``And once the storm is over you won't remember how you made it through, how you managed to survive. You won't even be sure, in fact, whether the storm is really over. But one thing is certain. When you come out of the storm you won't be the same person who walked in. That's what this storm's all about.''
-Haruki Murakami
----------------------------------------------
The lab is excited to announce opportunities for masters and undergraduate research credits. Please see the open positions page for details.
----------------------------------------------
From left: Patrick Kreitzberg, Oliver Serang, Kyle Lucke, Jake Pennington
Congratulations to Kyle Lucke for the publication for his first first-author paper (Lucke, Pennington, Kreitzberg, Käll, and Serang) on the topic of layer-ordered heaps as a faster alternative to sorting hypotheses when performing non-parametric statistical tests!
----------------------------------------------
Members hiked in the mountains above Potomac,
MT. Afterward, they played Kubb (Viking
chess).
STAGE | MATCH | WINNER |
---|---|---|
SEMIFINAL | PATRICK+ANNIKA vs ROOSTER+KYLE | ROOSTER+KYLE |
FINAL | ROOSTER vs KYLE | ROOSTER |
GEWINNER: Jake (Rooster) Pennington won in a final closely contested with Kyle Lucke. Oliver's participation drew scrutiny after he'd awarded himself Hero of the Soviet Union an ambitious fourth time.

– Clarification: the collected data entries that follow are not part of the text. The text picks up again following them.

lemma coPYBE_Nop_identity:
  assumes bp: "bilinear_prod m" and bf: "bilinear_form w" and w_sym: "\<And>x y. w x y = w y x"
    and symplectic: "\<And>x y z. w (m x y) z + w (m x z) y = w (m z x) y + w (m z y) x"
    and r_sym: "sym_tensor r" and co_YB: "coPYBE (Delta_r m r) w"
  defines "N \<equiv> Nop w r"
  shows "(\<lambda>u. w x (m u (N y))) + (\<lambda>u. w y (m u (N x))) - (\<lambda>u. w y (m (N x) u)) + w (N (m x y))
    = w (m (N x) y) + w (m x (N y))"
proof
  fix u
  note pairing = tpair_Delta_r_omega[OF bp bf w_sym r_sym, folded N_def]
  have YB: "w (m x (N y)) u + w (m x (N u)) y - w (m (N u) x) y
      - (w (m u (N y)) x + w (m u (N x)) y - w (m (N x) u) y)
      + (w (m y (N x)) u + w (m y (N u)) x - w (m (N u) y) x)
      - (w (m y (N u)) x + w (m y (N x)) u - w (m (N x) y) u) = 0"
    using co_YB[unfolded coPYBE_def, rule_format, where x = x and y = y and z = u]
    by (simp only: w_sym[of x] w_sym[of y] pairing)
  have "w (m x y) (N u) + w (m x (N u)) y = w (m (N u) x) y + w (m (N u) y) x"
    by (rule symplectic)
  moreover have "w (N (m x y)) u = w (m x y) (N u)"
    unfolding N_def by (rule Nop_self_adjoint[OF bf w_sym r_sym])
  ultimately show "((\<lambda>u. w x (m u (N y))) + (\<lambda>u. w y (m u (N x))) - (\<lambda>u. w y (m (N x) u))
      + w (N (m x y))) u = (w (m (N x) y) + w (m x (N y))) u"
    using YB w_sym[of x "m u (N y)"] w_sym[of y "m u (N x)"] w_sym[of y "m (N x) u"]
    by (simp only: plus_fun_apply minus_apply) algebra
qed

theorem theorem3p9:
  fixes m :: "('k::field, 'n::finite) vec \<Rightarrow> ('k, 'n) vec \<Rightarrow> ('k, 'n) vec"
    and w :: "('k, 'n) vec \<Rightarrow> ('k, 'n) vec \<Rightarrow> 'k"
    and r :: "'n \<Rightarrow> 'n \<Rightarrow> 'k"
  assumes "symplectic_perm m w"
    and "sym_tensor r"
    and "CPYBE m r"
    and "coPYBE (Delta_r m r) w"
  shows "nijenhuis m (Nop w r)"
  unfolding nijenhuis_def
proof (intro allI)
  fix x y
  let ?N = "Nop w r"
  have bp: "bilinear_prod m" and bf: "bilinear_form w" and w_sym: "\<And>x y. w x y = w y x"
    and symplectic: "\<And>x y z. w (m x y) z + w (m x z) y = w (m z x) y + w (m z y) x"
    using assms(1) unfolding symplectic_perm_def perm_algebra_def by auto
  have "m (?N x) (?N y) + ?N (?N (m x y))
      = r_sharp r ((\<lambda>u. w x (m u (?N y))) + (\<lambda>u. w y (m u (?N x))) - (\<lambda>u. w y (m (?N x) u))
          + w (?N (m x y)))"
    unfolding CPYBE_Nop_mult[OF bp bf assms(2,3)] Nop_eq_r_sharp[of w r "?N (m x y)"]
      r_sharp_add r_sharp_diff ..
  also have "\<dots> = r_sharp r (w (m (?N x) y) + w (m x (?N y)))"
    unfolding coPYBE_Nop_identity[OF bp bf w_sym symplectic assms(2,4)] ..
  also have "\<dots> = ?N (m (?N x) y) + ?N (m x (?N y))"
    unfolding r_sharp_add Nop_eq_r_sharp ..
  finally show "m (?N x) (?N y) + ?N (?N (m x y)) = ?N (m (?N x) y) + ?N (m x (?N y))" .
qed

end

----------------------------------------------
is the world's fastest isotope engine. (Also, since we are, as of now, alone in the universe, it is also the fastest isotope engine in the universe [braggable].)
Built with newly developed layer-ordered heap theory for selection on Cartesian products, NeutronStar generates the top million peaks of complicated compounds with many isotope states per in element less than a second.
Read the Analytical Chemistry publication, Kreitzberg, Pennington, Lucke, and Serang.
Check out the software here.
----------------------------------------------
HUCKLEBERRY PICKING & LAB PICNIC (FINAL STANDINGS):
COMPETITOR | COLD WATER ENDURANCE | MOST HUCKLEBERRIES | LARGEST HUCKLEBERRY | SUM |
---|---|---|---|---|
PATRICK | 3 | 1 | 4 | 8 |
KYLE | 3 | 4 | 3 | 7 |
ROOSTER | 1 | 2 | 1 | 4 |
ANNIKA | 2 | 3 | 2 | 7 |
GEWINNER: Jake (Rooster) Pennington took first prize. Oliver's performance was disqualified after he tested positive for rooibos tea.
----------------------------------------------
Kyle Lucke's work on cardinal Bayesian models for protein inference was a finalist for the best of the University of Montana's GradCon 2020!
----------------------------------------------
Using the newly invented layer-ordered heap, the lab recently created a new optimal method for selecting the top values from the Cartesian product (or sum) $$X+Y.$$ This means, given two lists $$X,Y,$$ it finds the smallest k terms of the form $$X_i+Y_j.$$ If the lists are length n, it finds these smallest k values in $$O(n+k).$$ This approach is simple and performs well in practice. Read the preprint here.
----------------------------------------------
Patrick Kreitzberg, Kyle
Lucke, and Oliver Serang created the first efficient
methods for performing selection on the Cartesian sum
$$Y=X_1+X_2+\cdots+X_m.$$ The technique is important for
Bayesian inference under additive dependencies, computing
the most abundant isotope peaks of a compound, computing
the most efficient k configurations to build a
product with m independent supply lines, and
more.
By using a new data structure called a ``layer-ordered
heap,'' one can compute the top k terms of a
Cartesian product of m arrays, each of
length n, in $$o(m\cdot n + k\cdot m)$$
time. Consider that simply loading the data costs m
n and accessing each of the m indices at each
of the k top values costs k m; this is a
remarkable result.
Read
the preprint
here.
----------------------------------------------
Exploring Scientific Wilderness is back for its second
season! Join us (Patrick Kreitzberg, Kyle Lucke, Max
Thibeau, Jake Pennington, and Oliver Serang) for over
20 new episodes, including science tutorials,
interviews with scientists, and more! Episodes will be
released weekly on Sunday evenings for the next six
months.
This season features music from the phenomenal
synthwave record label Italians Do It Better.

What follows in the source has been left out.